Our Law, fortunately, has one elegant solution to this problem – it is called the Accrual System.
THE ACCRUAL SYSTEM
The Accrual System tries to blend the best aspects of an IN community of property marriage or civil union with the best aspects of an OUT of community of property marriage or civil union. The single most obvious difference between this and a straight forward out of community of property marriage or civil union is that the life-partners share, in a reasonable and fair manner, in whatever it is they have acquired during the course of their marriage or civil union. The details of this can become quite complex and you will need to consult with your attorney to understand them fully, but in essence each life-partner remains the sole owner of that which they owned at the time of their marriage or civil union and then they share everything that each of them acquires during the course of the marriage or civil union – but they only share it when the marriage or civil union ends through the death of one of the life-partners or through divorce.
This form of the out of community of property marriage or civil union is probably the most popular form of the out of community marriage or civil union entered into these days. However, whether it is the correct choice for you depends on many different factors. After you have read this article you should consult with your attorney to ensure that you make the best possible choice.

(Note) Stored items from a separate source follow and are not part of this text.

lemma integrable_transfer:
  fixes \<mu>' :: "'a::topological_space measure" and T :: "'b \<Rightarrow> 'a" and h g :: "_ \<Rightarrow> real"
  assumes \<mu>': "sets \<mu>' = sets borel" "finite_measure \<mu>'" "measure \<mu>' (space \<mu>') \<noteq> 0"
    and transfer: "\<And>g. continuous_on UNIV g \<Longrightarrow> bounded (range g) \<Longrightarrow>
      (\<integral>p. g p \<partial>\<mu>') = (\<integral>p. g (T p) * h p \<partial>\<mu>)"
    and g: "continuous_on UNIV g" "bounded (range g)"
  shows "integrable \<mu> (\<lambda>p. g (T p) * h p)"
proof -
  have "(\<integral>p. h p \<partial>\<mu>) = measure \<mu>' (space \<mu>')"
    using transfer[of "\<lambda>_. 1"] by simp
  then have h: "integrable \<mu> h"
    using \<mu>'(3) not_integrable_integral_eq by fastforce
  have g1: "continuous_on UNIV (\<lambda>x. g x + 1)" "bounded (range (\<lambda>x. g x + 1))"
    using g by (auto intro!: continuous_intros bounded_plus_comp)
  have measurable: "(\<lambda>p. g (T p) * h p) \<in> borel_measurable \<mu>"
  proof (rule ccontr)
    assume *: "(\<lambda>p. g (T p) * h p) \<notin> borel_measurable \<mu>"
    \<comment> \<open>Then the integrals of g and of g + 1 against \<mu>' would both be the junk value 0,
      although they differ by the nonzero total mass of \<mu>'.\<close>
    have "\<not> integrable \<mu> (\<lambda>p. (g (T p) + 1) * h p)"
    proof
      assume "integrable \<mu> (\<lambda>p. (g (T p) + 1) * h p)"
      then have "integrable \<mu> (\<lambda>p. (g (T p) + 1) * h p - h p)"
        using h by simp
      then have "integrable \<mu> (\<lambda>p. g (T p) * h p)"
        by (simp add: algebra_simps)
      with * show False
        using borel_measurable_integrable by blast
    qed
    moreover have "\<not> integrable \<mu> (\<lambda>p. g (T p) * h p)"
      using * borel_measurable_integrable by blast
    ultimately have "(\<integral>p. g p + 1 \<partial>\<mu>') = 0" "(\<integral>p. g p \<partial>\<mu>') = 0"
      using transfer[OF g1] transfer[OF g] by (simp_all add: not_integrable_integral_eq)
    moreover have "(\<integral>p. g p + 1 \<partial>\<mu>') = (\<integral>p. g p \<partial>\<mu>') + measure \<mu>' (space \<mu>')"
      using integrable_bounded_continuous[OF \<mu>'(1,2) g] finite_measure.integrable_const[OF \<mu>'(2)]
      by (subst Bochner_Integration.integral_add) auto
    ultimately show False
      using \<mu>'(3) by simp
  qed
  obtain B where B: "\<And>x. norm (g x) \<le> B"
    using g(2) by (auto simp: bounded_iff)
  show ?thesis
  proof (rule Bochner_Integration.integrable_bound[OF _ measurable])
    show "integrable \<mu> (\<lambda>p. B * h p)"
      using h by simp
    show "AE x in \<mu>. norm (g (T x) * h x) \<le> norm (B * h x)"
      using B[of "T _"] order_trans[OF norm_ge_zero B]
      by (intro AE_I2) (auto simp: abs_mult intro: mult_right_mono)
  qed
qed

lemma AE_transfer_in_finite_support:
  fixes \<mu>' :: "'a::euclidean_space measure" and T :: "'b \<Rightarrow> 'a" and h :: "'b \<Rightarrow> real"
  assumes \<mu>': "sets \<mu>' = sets borel" "finite_measure \<mu>'" "measure \<mu>' (space \<mu>') \<noteq> 0"
    and S': "finite S'" "AE q in \<mu>'. q \<in> S'"
    and h: "AE p in \<mu>. 0 < h p"
    and transfer: "\<And>g. continuous_on UNIV g \<Longrightarrow> bounded (range g) \<Longrightarrow>
      (\<integral>p. g p \<partial>\<mu>') = (\<integral>p. g (T p) * h p \<partial>\<mu>)"
  shows "AE p in \<mu>. T p \<in> S'"
proof -
  obtain g :: "'a \<Rightarrow> real" where g: "continuous_on UNIV g" "bounded (range g)" "\<And>x. 0 \<le> g x"
    "\<And>x. g x = 0 \<longleftrightarrow> x \<in> S'"
    by (rule bounded_continuous_separating_function[of S' "{}"]) (auto simp: S'(1) finite_imp_closed)
  have "(\<integral>p. g (T p) * h p \<partial>\<mu>) = (\<Sum>s\<in>S'. g s * measure \<mu>' {s})"
    using transfer[OF g(1,2)] integral_finite_support[OF \<mu>'(1,2) S'] g(1)
    by (simp add: borel_measurable_continuous_onI)
  also have "\<dots> = 0"
    using g(4) by (intro sum.neutral) auto
  finally have "AE p in \<mu>. g (T p) * h p = 0"
    using integrable_transfer[OF \<mu>' transfer g(1,2)] h g(3)
    by (subst integral_nonneg_eq_0_iff_AE[symmetric]) (auto elim: AE_mp)
  with h show ?thesis
    by eventually_elim (use g(4) in auto)
qed
(* Let $\alpha\in(0,1)\cup(1,\infty)$ and let $\rho_{XABC}=\sum_x p_X(x)|x\rangle\langle x|_X\otimes\rho^x_{ABC}$, where $p_X$ is a probability distribution on a finite set, $\{|x\rangle\}$ is orthonormal, and each $\rho^x_{ABC}$ is a state on a finite-dimensional $\mathcal{H}_A\otimes\mathcal{H}_B\otimes\mathcal{H}_C$. Then $$I_\alpha(A;B|CX)_\rho=\frac{\alpha}{\alpha-1}\log\sum_x p_X(x)\exp\Big\{\Big(\frac{\alpha-1}{\alpha}\Big)I_\alpha(A;B|C)_{\rho^x}\Big\}.$$
   Context: $\log$ is the natural logarithm. For a positive semi-definite $M$ and function $f$, $f(M)$ applies $f$ only to nonzero eigenvalues (negative powers are generalized inverses on the support). For a state $\rho_{ABE}$ and $\alpha\in(0,1)\cup(1,\infty)$, $$I_\alpha(A;B|E)_\rho=\frac{\alpha}{\alpha-1}\log\mathrm{Tr}\Big\{\Big(\rho_E^{(\alpha-1)/2}\,\mathrm{Tr}_A\big\{\rho_{AE}^{(1-\alpha)/2}\rho_{ABE}^{\alpha}\rho_{AE}^{(1-\alpha)/2}\big\}\,\rho_E^{(\alpha-1)/2}\Big)^{1/\alpha}\Big\},$$ with the conditioning system $E$ taken to be the composite $CX$ on the left-hand side. *)

theory Defs
  imports "HOL-Analysis.Analysis"
begin

text \<open>Finite-dimensional quantum systems: a system with orthonormal basis indexed by a
finite type 'n; operators are matrices complex^'n^'n (in that basis).  Composite systems
are indexed by product types (tensor product).\<close>

type_synonym 'n op = "complex^'n^'n"

definition adj :: "'n::finite op \<Rightarrow> 'n op" where
  "adj M = (\<chi> i j. cnj (M $ j $ i))"

definition unitary :: "'n::finite op \<Rightarrow> bool" where
  "unitary U \<longleftrightarrow> U ** adj U = mat 1 \<and> adj U ** U = mat 1"

definition hermitian :: "'n::finite op \<Rightarrow> bool" where
  "hermitian M \<longleftrightarrow> adj M = M"

definition psd :: "'n::finite op \<Rightarrow> bool" where
  "psd M \<longleftrightarrow> hermitian M \<and>
     (\<forall>v::complex^'n. 0 \<le> Re (\<Sum>i\<in>UNIV. \<Sum>j\<in>UNIV. cnj (v $ i) * M $ i $ j * v $ j))"

definition mtrace :: "'n::finite op \<Rightarrow> complex" where
  "mtrace M = (\<Sum>i\<in>UNIV. M $ i $ i)"

definition qstate :: "'n::finite op \<Rightarrow> bool" where
  "qstate M \<longleftrightarrow> psd M \<and> mtrace M = 1"

definition rdiag :: "('n::finite \<Rightarrow> real) \<Rightarrow> 'n op" where
  "rdiag d = (\<chi> i j. if i = j then complex_of_real (d i) else 0)"

text \<open>Functional calculus: for a PSD (Hermitian) M = U diag(d) U*, f(M) applies f only to the
nonzero eigenvalues (zero eigenvalues are mapped to 0), i.e. f acts on the support.\<close>
definition mfun :: "(real \<Rightarrow> real) \<Rightarrow> 'n::finite op \<Rightarrow> 'n op" where
  "mfun f M = (SOME N. \<exists>U d. unitary U \<and> M = U ** rdiag d ** adj U \<and>
       N = U ** rdiag (\<lambda>i. if d i = 0 then 0 else f (d i)) ** adj U)"

definition mpow :: "'n::finite op \<Rightarrow> real \<Rightarrow> 'n op" where
  "mpow M p = mfun (\<lambda>x. x powr p) M"

definition ptrB :: "('a::finite \<times> 'b::finite \<times> 'e::finite) op \<Rightarrow> ('a \<times> 'e) op" where
  "ptrB M = (\<chi> i j. case (i, j) of ((a,e), (a',e')) \<Rightarrow> \<Sum>b\<in>UNIV. M $ (a,b,e) $ (a',b,e'))"

definition ptrA_ABE :: "('a::finite \<times> 'b::finite \<times> 'e::finite) op \<Rightarrow> ('b \<times> 'e) op" where
  "ptrA_ABE M = (\<chi> i j. case (i, j) of ((b,e), (b',e')) \<Rightarrow> \<Sum>a\<in>UNIV. M $ (a,b,e) $ (a,b',e'))"

definition ptrA :: "('a::finite \<times> 'e::finite) op \<Rightarrow> 'e op" where
  "ptrA M = (\<chi> e e'. \<Sum>a\<in>UNIV. M $ (a,e) $ (a,e'))"

text \<open>P_{AE} \<otimes> I_B on A \<otimes> B \<otimes> E, and P_E \<otimes> I_B on B \<otimes> E.\<close>
definition extB :: "('a::finite \<times> 'e::finite) op \<Rightarrow> ('a \<times> 'b::finite \<times> 'e) op" where
  "extB P = (\<chi> i j. case (i, j) of ((a,b,e), (a',b',e')) \<Rightarrow> if b = b' then P $ (a,e) $ (a',e') else 0)"

definition extB' :: "'e::finite op \<Rightarrow> ('b::finite \<times> 'e) op" where
  "extB' P = (\<chi> i j. case (i, j) of ((b,e), (b',e')) \<Rightarrow> if b = b' then P $ e $ e' else 0)"

definition renyi_cmi :: "real \<Rightarrow> ('a::finite \<times> 'b::finite \<times> 'e::finite) op \<Rightarrow> real" where
  "renyi_cmi \<alpha> \<rho> =
    (let \<rho>AE = ptrB \<rho>; \<rho>E = ptrA \<rho>AE;
         inner = ptrA_ABE (extB (mpow \<rho>AE ((1 - \<alpha>) / 2)) ** mpow \<rho> \<alpha>
                             ** extB (mpow \<rho>AE ((1 - \<alpha>) / 2)))
                   :: ('b \<times> 'e) op;
         outer = extB' (mpow \<rho>E ((\<alpha> - 1) / 2)) ** inner ** extB' (mpow \<rho>E ((\<alpha> - 1) / 2))
     in \<alpha> / (\<alpha> - 1) * ln (Re (mtrace (mpow outer (1 / \<alpha>)))))"

text \<open>Classical-quantum state rho_{XABC} = sum_x p(x) |x><x| \<otimes> rho^x_{ABC}, arranged on
A \<otimes> B \<otimes> (C \<otimes> X) so that the conditioning system is E = CX.\<close>
definition cq_state :: "('x::finite \<Rightarrow> real) \<Rightarrow> ('x \<Rightarrow> ('a::finite \<times> 'b::finite \<times> 'c::finite) op)
     \<Rightarrow> ('a \<times> 'b \<times> ('c \<times> 'x)) op" where
  "cq_state p \<rho>x = (\<chi> i j. case (i, j) of ((a,b,(c,x)), (a',b',(c',x'))) \<Rightarrow>
      if x = x' then complex_of_real (p x) * \<rho>x x $ (a,b,c) $ (a',b',c') else 0)"

end

theory Submission
  imports Defs
begin

text \<open>The cq state is block diagonal with respect to X, with blocks p(x) \<rho>^x.  Marginals,
  embeddings, products and matrix powers all respect this block structure, and a power of
  a block p(x) M is p(x)^s M^s; the four factors of p(x) collected in the sandwich defining
  I_\<alpha> multiply to p(x)^\<alpha>, so after the final 1/\<alpha>-th power the trace splits as
  \<Sum>_x p(x) T_x, where T_x is the trace inside the logarithm of I_\<alpha>(A;B|C) for \<rho>^x.
  It remains to see T_x > 0, so that exp and log cancel: the sandwiching operators act
  invertibly on the supports of \<rho>_AE \<otimes> I_B and \<rho>_E \<otimes> I_AB, and these supports contain
  that of \<rho>^x, which is nonzero.  The functional calculus is justified by a spectral theorem
  for Hermitian matrices, proved by maximising the quadratic form on the unit sphere.\<close>

section \<open>Hermitian matrices and the spectral theorem\<close>

definition cinner :: "complex^'n::finite \<Rightarrow> complex^'n \<Rightarrow> complex" where
  "cinner v w = (\<Sum>i\<in>UNIV. cnj (v$i) * w$i)"

lemma cinner_cnj: "cnj (cinner v w) = cinner w v"
  by (simp add: cinner_def mult.commute)

lemma cinner_eq_0_sym: "cinner v w = 0 \<longleftrightarrow> cinner w v = 0"
  by (metis cinner_cnj complex_cnj_zero_iff)

lemma cinner_add_right: "cinner v (w + z) = cinner v w + cinner v z"
  by (simp add: cinner_def distrib_left sum.distrib)

lemma cinner_add_left: "cinner (v + w) z = cinner v z + cinner w z"
  by (simp add: cinner_def distrib_right sum.distrib)

lemma cinner_diff_right: "cinner v (w - z) = cinner v w - cinner v z"
  by (simp add: cinner_def right_diff_distrib sum_subtractf)

lemma cinner_scale_right: "cinner v (c *s w) = c * cinner v w"
  by (simp add: cinner_def sum_distrib_left mult.left_commute)

lemma cinner_scale_left: "cinner (c *s v) w = cnj c * cinner v w"
  by (simp add: cinner_def sum_distrib_left mult.assoc)

lemma cinner_zero_right [simp]: "cinner v 0 = 0"
  by (simp add: cinner_def)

When you get married or enter into a civil union there are a few other things you should do at the same time as considering an Antenuptial Contract:
- You should review your Last Will and Testament (you can also read an article about that on our website), discuss this document with your attorney, and amend it to cater for your new circumstances;
- You should take the opportunity to have a brief discussion with your attorney about trusts, business structures, tax, buying and selling property, financial risk management and such other services as your attorney may offer so that if circumstances arise that may require some of these services, you will know to contact your attorney at that time;
- You should reconsider your life insurance and medical aid policies and make sure that they are still adequate and appropriate, and reconsider the beneficiaries.